▸ Your goal
If a line in the data has the string "shows", please show it.

▸ Records
lemma s_minus_eq_INF:
  assumes pos: "\<And>n. 0 < omega_minus n k"
  shows "(\<lambda>n. ln (real (omega_minus n k)) / real n) \<longlonglongrightarrow> s_minus k"
    and "s_minus k = (INF n\<in>{1..}. ln (real (omega_minus n k)) / real n)"
proof -
  have subadd: "ln (real (omega_minus (m + n) k))
      \<le> ln (real (omega_minus m k)) + ln (real (omega_minus n k))" for m n
  proof -
    have "real (omega_minus (m + n) k) \<le> real (omega_minus m k) * real (omega_minus n k)"
      using omega_minus_add_le[of m n k] by (simp flip: of_nat_mult)
    then have "ln (real (omega_minus (m + n) k))
        \<le> ln (real (omega_minus m k) * real (omega_minus n k))"
      using pos[of "m + n"] by simp
    then show ?thesis using pos[of m] pos[of n] by (simp add: ln_mult)
  qed
  have "(\<lambda>n. ln (real (omega_minus n k)) / real n)
      \<longlonglongrightarrow> (INF n\<in>{1..}. ln (real (omega_minus n k)) / real n)"
    by (rule Fekete_subadditive) (use pos in \<open>simp_all add: Suc_le_eq subadd\<close>)
  moreover from this show "s_minus k = (INF n\<in>{1..}. ln (real (omega_minus n k)) / real n)"
    unfolding s_minus_def by (rule limI)
  ultimately show "(\<lambda>n. ln (real (omega_minus n k)) / real n) \<longlonglongrightarrow> s_minus k"
    by simp
qed

lemma exp_s_minus_power_le:
  assumes pos: "\<And>n. 0 < omega_minus n k"
  shows "exp (s_minus k) ^ n \<le> omega_minus n k"
proof (cases "n = 0")
  case False
  have "bdd_below ((\<lambda>n. ln (real (omega_minus n k)) / real n) ` {1..})"
    using pos by (intro bdd_belowI[where m = 0]) (auto simp: Suc_le_eq)
  then have "s_minus k \<le> ln (real (omega_minus n k)) / real n"
    unfolding s_minus_eq_INF(2)[OF pos] using False by (intro cInf_lower) auto
  then have "real n * s_minus k \<le> ln (real (omega_minus n k))"
    using False by (simp add: field_simps)
  then have "exp (real n * s_minus k) \<le> exp (ln (real (omega_minus n k)))" by simp
  then show ?thesis using pos[of n] by (simp add: exp_of_nat_mult)
qed (simp add: omega_minus_0)

lemma ln_le_s_minus:
  fixes c :: real
  assumes "c > 0" and power_le: "\<And>n. c ^ n \<le> omega_minus n k"
  shows "ln c \<le> s_minus k"
proof (rule LIMSEQ_le_const)
  have "0 < real (omega_minus n k)" for n
    using power_le[of n] \<open>c > 0\<close> by (meson less_le_trans zero_less_power)
  then show "(\<lambda>n. ln (real (omega_minus n k)) / real n) \<longlonglongrightarrow> s_minus k"
    by (intro s_minus_eq_INF) simp
  have "ln c \<le> ln (real (omega_minus n k)) / real n" if "n \<ge> 1" for n
  proof -
    have "real n * ln c = ln (c ^ n)" using \<open>c > 0\<close> by (simp add: ln_realpow)
    also have "\<dots> \<le> ln (real (omega_minus n k))"
      using power_le[of n] \<open>c > 0\<close> by (simp add: ln_mono)
    finally show ?thesis using that by (simp add: field_simps)
  qed
  then show "\<exists>N. \<forall>n\<ge>N. ln c \<le> ln (real (omega_minus n k)) / real n" by blast
qed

▸ Answer
  shows "(\<lambda>n. ln (real (omega_minus n k)) / real n) \<longlonglongrightarrow> s_minus k"
  shows "exp (s_minus k) ^ n \<le> omega_minus n k"
  shows "ln c \<le> s_minus k"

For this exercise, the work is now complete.